What EU renegotiations mean for businesses

David Cameron’s 10 November speech on the UK’s renegotiation set out four areas of reform.

David Cameron’s 10 November speech on the UK’s renegotiation of European Union membership set out four areas for reform. What do these mean for businesses and organisations seeking to influence the agenda:

Main points of the Prime Minister’s renegotiation demands

  1. Economic governance
  • Increased recognition that the EU has more than one currency
  • No discrimination and no disadvantage for any business on the basis of their country’s currency
  • The protection of the Single Market’s integrity
  • Any decision/changes made with the Eurozone should be voluntary for non-Euro countries
  • Taxpayers in non-Euro countries should never be financially liable for actions that support the Eurozone as a currency
  • Financial stability and supervision must become key areas of competence for national institutions
  • Any issues that affect all Member States must be discussed and decided by all Member States
  1. Competitiveness
  • Scaling back unnecessary regulation and relieving existing regulation
  • EU should do more to fulfil its commitment to free flow of capital, goods and services
  • A clearer, long-term commitment to boost the competitiveness of the EU
  1. Sovereignty
  • End Britain’s obligation under the Treaty to work towards an “ever closer union”
  • Empower the national parliaments through a new arrangement where groups of national parliaments can collectively halt unwanted legislative proposals
  • See the full implementation of the EU’s commitments to subsidiarity
  • Confirmation on the respect of EU institutions for the JHA Protocols in any future proposals, which set out EU Justice and Home Affairs, in particular to preserve the UK’s ability to decide whether it wishes to participate in the adoption and application of proposed measures or not. It isreferring here particularly to the scrapping of the Human Rights Act and introducing a British Bill of Rights
  1. Immigration
  • Greater control for the UK to control arrivals from within the EU as well as outside
  • Free movement should not apply to new members until their economies have converged more closely with existing Member States
  • Abuse of free movement should be tackled by implementing tougher and longer re-entry bans, stronger powers to deport criminals, and limit access to social benefits for EU immigrants for four years

For British businesses, particularly SMEs, the areas of renegotiation set forward by Cameron reads as sound and greatly beneficial for their prosperity – especially as it addresses some prominent areas of concern. Yet, for businesses operating across Europe, if not globally, there may be a number of questions that spark concern.

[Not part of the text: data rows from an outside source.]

lemma integrable_vanishing_outside_compact:
  fixes f :: "'a::euclidean_space \<Rightarrow> 'b::{banach, second_countable_topology}"
  assumes "compact K" "continuous_on K f" "\<And>x. x \<notin> K \<Longrightarrow> f x = 0"
  shows "integrable lborel f"
proof -
  have "f = (\<lambda>x. indicator K x *\<^sub>R f x)"
    using assms(3) by (auto simp: fun_eq_iff indicator_def)
  then show ?thesis
    using borel_integrable_compact[OF assms(1,2)] by simp
qed

lemma integrable_dominated_on_compact:
  fixes f g :: "'a::euclidean_space \<Rightarrow> real"
  assumes "f \<in> borel_measurable borel" "compact K" "continuous_on K g"
    and "\<And>x. x \<notin> K \<Longrightarrow> f x = 0" "\<And>x. x \<in> K \<Longrightarrow> \<bar>f x\<bar> \<le> g x"
  shows "integrable lborel f"
proof (rule Bochner_Integration.integrable_bound)
  show "integrable lborel (\<lambda>x. indicator K x *\<^sub>R g x)"
    using borel_integrable_compact[OF assms(2,3)] .
  show "AE x in lborel. norm (f x) \<le> norm (indicator K x *\<^sub>R g x)"
  proof (intro AE_I2)
    fix x
    show "norm (f x) \<le> norm (indicator K x *\<^sub>R g x)"
      using assms(4,5)[of x] by (cases "x \<in> K") auto
  qed
qed (use assms(1) in simp)

lemma bounded_range_vanishing_outside:
  assumes "compact K" "continuous_on K f" "\<And>x. x \<notin> K \<Longrightarrow> f x = 0"
  shows "bounded (range f)"
proof -
  have "range f \<subseteq> insert 0 (f ` K)"
    using assms(3) by blast
  moreover have "bounded (insert 0 (f ` K))"
    using compact_imp_bounded[OF compact_continuous_image[OF assms(2,1)]] by simp
  ultimately show ?thesis
    using bounded_subset by blast
qed

lemma integral_eq_of_pointwise_eq:
  fixes f g f1 f2 f3 f4 :: "'a \<Rightarrow> real"
  assumes eq: "\<And>x. f x + g x = a * f1 x + f2 x + b * f3 x + b * f4 x"
    and "integrable M f" "integrable M g" "integrable M f1" "integrable M f2"
      "integrable M f3" "integrable M f4"
    and "integral\<^sup>L M g = 0"
  shows "integral\<^sup>L M f
    = a * integral\<^sup>L M f1 + integral\<^sup>L M f2 + b * integral\<^sup>L M f3 + b * integral\<^sup>L M f4"
proof -
  have "integral\<^sup>L M f = (LINT x|M. f x + g x)"
    using assms(2,3,8) by simp
  also have "\<dots> = (LINT x|M. a * f1 x + f2 x + b * f3 x + b * f4 x)"
    by (simp only: eq)
  also have "\<dots> = a * integral\<^sup>L M f1 + integral\<^sup>L M f2 + b * integral\<^sup>L M f3 + b * integral\<^sup>L M f4"
    using assms(4-7) by simp
  finally show ?thesis .
qed

lemma has_derivative_vanishing_on_open:
  assumes "open S" "x \<in> S" "\<And>y. y \<in> S \<Longrightarrow> f y = 0"
  shows "(f has_derivative (\<lambda>_. 0)) (at x)"
proof -
  have "((\<lambda>_. 0) has_derivative (\<lambda>_. 0)) (at x)"
    by simp
  then show ?thesis
    by (rule has_derivative_transform_within_open[OF _ assms(1,2)]) (simp add: assms(3))
qed

lemma pderiv_at_eq_0_on_open:
  fixes f :: "real^'n \<Rightarrow> 'b::real_normed_vector"
  assumes "open S" "x \<in> S" "\<And>y. y \<in> S \<Longrightarrow> f y = 0"
  shows "pderiv_at f i x = 0"
  using frechet_derivative_at[OF has_derivative_vanishing_on_open[OF assms], symmetric]
  by (simp add: pderiv_at_def)

lemma has_derivative_pderiv_at:
  assumes "f differentiable at x"
  obtains D where "(f has_derivative D) (at x)" "D (axis i 1) = pderiv_at f i x"
  using assms frechet_derivative_works pderiv_at_def by metis

lemma has_vector_derivative_along_line:
  assumes "(f has_derivative D) (at x)"
  shows "((\<lambda>t. f (x + t *\<^sub>R v)) has_vector_derivative D v) (at 0)"
proof -
  have line: "((\<lambda>t. x + t *\<^sub>R v) has_derivative (\<lambda>t. t *\<^sub>R v)) (at 0)"
    by (auto intro!: derivative_eq_intros)
  have "((\<lambda>t. f (x + t *\<^sub>R v)) has_derivative (\<lambda>t. D (t *\<^sub>R v))) (at 0)"
    using has_derivative_compose[OF line] assms by simp
  then show ?thesis
    using assms by (simp add: has_vector_derivative_def linear_scale has_derivative_linear)
qed

lemma norm_add_power2:
  fixes a b :: "'a::real_inner"
  shows "(norm (a + b))^2 = (norm a)^2 + 2 * inner a b + (norm b)^2"
  using dot_norm[of a b] by simp

lemma power2_norm_vec: "(norm x)^2 = (\<Sum>i\<in>UNIV. (x$i)^2)"
  by (simp add: norm_vec_def L2_set_def sum_nonneg)

text \<open>On \<^typ>\<open>complex\<close>, \<open>inner z w = Re (cnj z * w)\<close>, so this is \<open>Re (conj u \<nabla>u)\<close>.\<close>

definition re_conj_grad :: "(real^'n \<Rightarrow> complex) \<Rightarrow> real^'n \<Rightarrow> real^'n" where
  "re_conj_grad u x = (\<chi> j. inner (u x) (pderiv_at u j x))"

text \<open>At a zero of \<open>u\<close> both sides vanish: \<open>|u|\<close> has a minimum there, and \<open>1 / 0 = 0\<close>.\<close>

lemma grad_abs_eq:
  fixes u :: "real^'n \<Rightarrow> complex"
  assumes "u differentiable at x"
  shows "grad_abs u x = (1 / cmod (u x)) *\<^sub>R re_conj_grad u x"
proof (cases "u x = 0")
  case True
  have "grad_abs u x = 0"
  proof (cases "(\<lambda>y. cmod (u y)) differentiable (at x)")
    case differentiable: True
    then have "((\<lambda>y. cmod (u y)) has_derivative frechet_derivative (\<lambda>y. cmod (u y)) (at x)) (at x)"
      using frechet_derivative_works by blast
    then have "frechet_derivative (\<lambda>y. cmod (u y)) (at x) = (\<lambda>v. 0)"
      using differential_zero_maxmin[of x UNIV] True by force
    then show ?thesis
      using differentiable by (simp add: grad_abs_def pderiv_at_def vec_eq_iff)
  qed (simp add: grad_abs_def)
  then show ?thesis
    using True by simp
next
  case False
  obtain D where D: "(u has_derivative D) (at x)"
    using assms by (auto simp: differentiable_def)
  have "((\<lambda>y. cmod (u y)) has_derivative (\<lambda>h. inner (D h) (sgn (u x)))) (at x)"
    using has_derivative_compose[OF D has_derivative_norm[OF False]] by simp
  then have "(\<lambda>y. cmod (u y)) differentiable (at x)"
    and "frechet_derivative (\<lambda>y. cmod (u y)) (at x) = (\<lambda>h. inner (D h) (sgn (u x)))"
    using differentiableI frechet_derivative_at by metis+
  moreover have "frechet_derivative u (at x) = D"
    using D frechet_derivative_at by metis
  ultimately show ?thesis
    using False by (simp add: grad_abs_def re_conj_grad_def vec_eq_iff pderiv_at_def sgn_div_norm
        inner_commute field_simps)
qed

lemma cmod_scaleR_grad_abs:
  fixes u :: "real^'n \<Rightarrow> complex"
  assumes "u differentiable at x"
  shows "cmod (u x) *\<^sub>R grad_abs u x = re_conj_grad u x"
  by (cases "u x = 0") (simp_all add: grad_abs_eq[OF assms] re_conj_grad_def vec_eq_iff)

lemma norm_grad_abs_le:
  fixes u :: "real^'n \<Rightarrow> complex"
  assumes "u differentiable at x"
  shows "(norm (grad_abs u x))^2 \<le> grad_sq u x"
proof -
  have "(inner (u x) (pderiv_at u j x) / cmod (u x))^2 \<le> (cmod (pderiv_at u j x))^2" for j
  proof -
    have "\<bar>inner (u x) (pderiv_at u j x)\<bar> \<le> cmod (u x) * cmod (pderiv_at u j x)"
      by (rule Cauchy_Schwarz_ineq2)
    then have "\<bar>inner (u x) (pderiv_at u j x) / cmod (u x)\<bar> \<le> cmod (pderiv_at u j x)"
      by (cases "u x = 0") (simp_all add: divide_le_eq mult.commute)
    then show ?thesis
      using abs_le_square_iff by fastforce
  qed
  then show ?thesis
    unfolding power2_norm_vec grad_sq_def
    by (simp add: grad_abs_eq[OF assms] re_conj_grad_def sum_mono divide_inverse mult.commute)
qed

definition rellich_field :: "real \<Rightarrow> (real^'n \<Rightarrow> complex) \<Rightarrow> real^'n \<Rightarrow> real^'n" where
  "rellich_field k u y
    = (1 / (norm y)^2) *\<^sub>R re_conj_grad u y + (k * (cmod (u y))^2 / (norm y)^4) *\<^sub>R y"

definition rellich_field_partial :: "real \<Rightarrow> (real^'n \<Rightarrow> complex) \<Rightarrow> 'n \<Rightarrow> real^'n \<Rightarrow> real" where
  "rellich_field_partial k u i x =
     ((cmod (pderiv_at u i x))^2 + inner (u x) (pderiv_at (pderiv_at u i) i x)) / (norm x)^2
     - 2 * inner (u x) (pderiv_at u i x) * x$i / (norm x)^4
     + k * (2 * inner (u x) (pderiv_at u i x) * x$i / (norm x)^4 + (cmod (u x))^2 / (norm x)^4
            - 4 * (cmod (u x))^2 * (x$i)^2 / (norm x)^6)"

lemma rellich_field_component_has_derivative:
  fixes u :: "real^'n \<Rightarrow> complex"
  assumes x: "x \<noteq> 0" and du: "u differentiable at x" and dp: "pderiv_at u i differentiable at x"
  shows "((\<lambda>t. rellich_field k u (x + t *\<^sub>R axis i 1) $ i)
    has_real_derivative rellich_field_partial k u i x) (at 0)"
proof -
  obtain Du where Du: "(u has_derivative Du) (at x)" "Du (axis i 1) = pderiv_at u i x"
    using has_derivative_pderiv_at[OF du] by blast
  obtain Dp where Dp: "(pderiv_at u i has_derivative Dp) (at x)"
      "Dp (axis i 1) = pderiv_at (pderiv_at u i) i x"
    using has_derivative_pderiv_at[OF dp] by blast
  have nth: "((\<lambda>y::real^'n. y $ i) has_derivative (\<lambda>h. h $ i)) (at x)"
    by (rule bounded_linear_imp_has_derivative[OF bounded_linear_vec_nth])
  have field_eq: "(\<lambda>y. rellich_field k u y $ i)
    = (\<lambda>y. inner (u y) (pderiv_at u i y) / inner y y + k * inner (u y) (u y) * y$i / (inner y y)^2)"
    by (simp add: fun_eq_iff rellich_field_def re_conj_grad_def dot_square_norm flip: power_mult)
  have "\<exists>D. ((\<lambda>y. rellich_field k u y $ i) has_derivative D) (at x)
      \<and> D (axis i 1) = rellich_field_partial k u i x"
    unfolding field_eq
    apply (intro exI conjI)
     apply (rule derivative_eq_intros Du(1) Dp(1) nth refl | simp add: x)+
    apply (simp add: Du(2) Dp(2) rellich_field_partial_def dot_square_norm inner_commute inner_axis x)
    apply (simp add: field_simps x)
    apply algebra
    done
  then obtain D where "((\<lambda>y. rellich_field k u y $ i) has_derivative D) (at x)"
    and "D (axis i 1) = rellich_field_partial k u i x"
    by blast
  then show ?thesis
    using has_vector_derivative_along_line[of _ D x "axis i 1"]
    by (simp add: has_real_derivative_iff_has_vector_derivative)
qed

First, the restriction of freedom of movement can carry some impact for businesses. While Cameron argued for the continued support for freedom of capital, skills and services, it was clearly marked that immigration from both within and outside the EU needs to be restricted. Companies operating in multiple countries could find themselves facing a challenge. Certain sectors rely on the ease with which labour is gained through the Treaty and a change in immigration regulation could have an impact on their business model. This will undoubtedly be one of the most challenging aspects of the British renegotiation.

Second, the support of Member States on the rejection of the Human Rights Act in favour of a British Bill of Rights could potentially be one of the most radical proposals set forth in the renegotiation process. Cameron stated that “We will reform our relationship with the ECHR by scrapping Labour’s Human Rights Act and introducing a new British Bill of Rights”. The policy is controversial enough within British borders but it sends an equally challenging signal across Europe for Britain to argue for a separate legal process determining basic human rights. How this could impact prior and future rulings and definitions on rights and offences against human rights will profoundly shape the operations of UK business.

Third, the economic arguments are specifically put forward by Cameron to alleviate the bureaucratic burden experienced by many British companies when dealing with EU regulations. On the face of it the renegotiation should mean it will be easier for UK business to expand within the EU, should the Member States agree that there ought to be no special treatment based on currency. That in principle should be an easy argument to make. However, the degree to which Britain would be able to successfully argue an essentially pick ‘n mix of decisions made by Eurozone countries could be more problematic.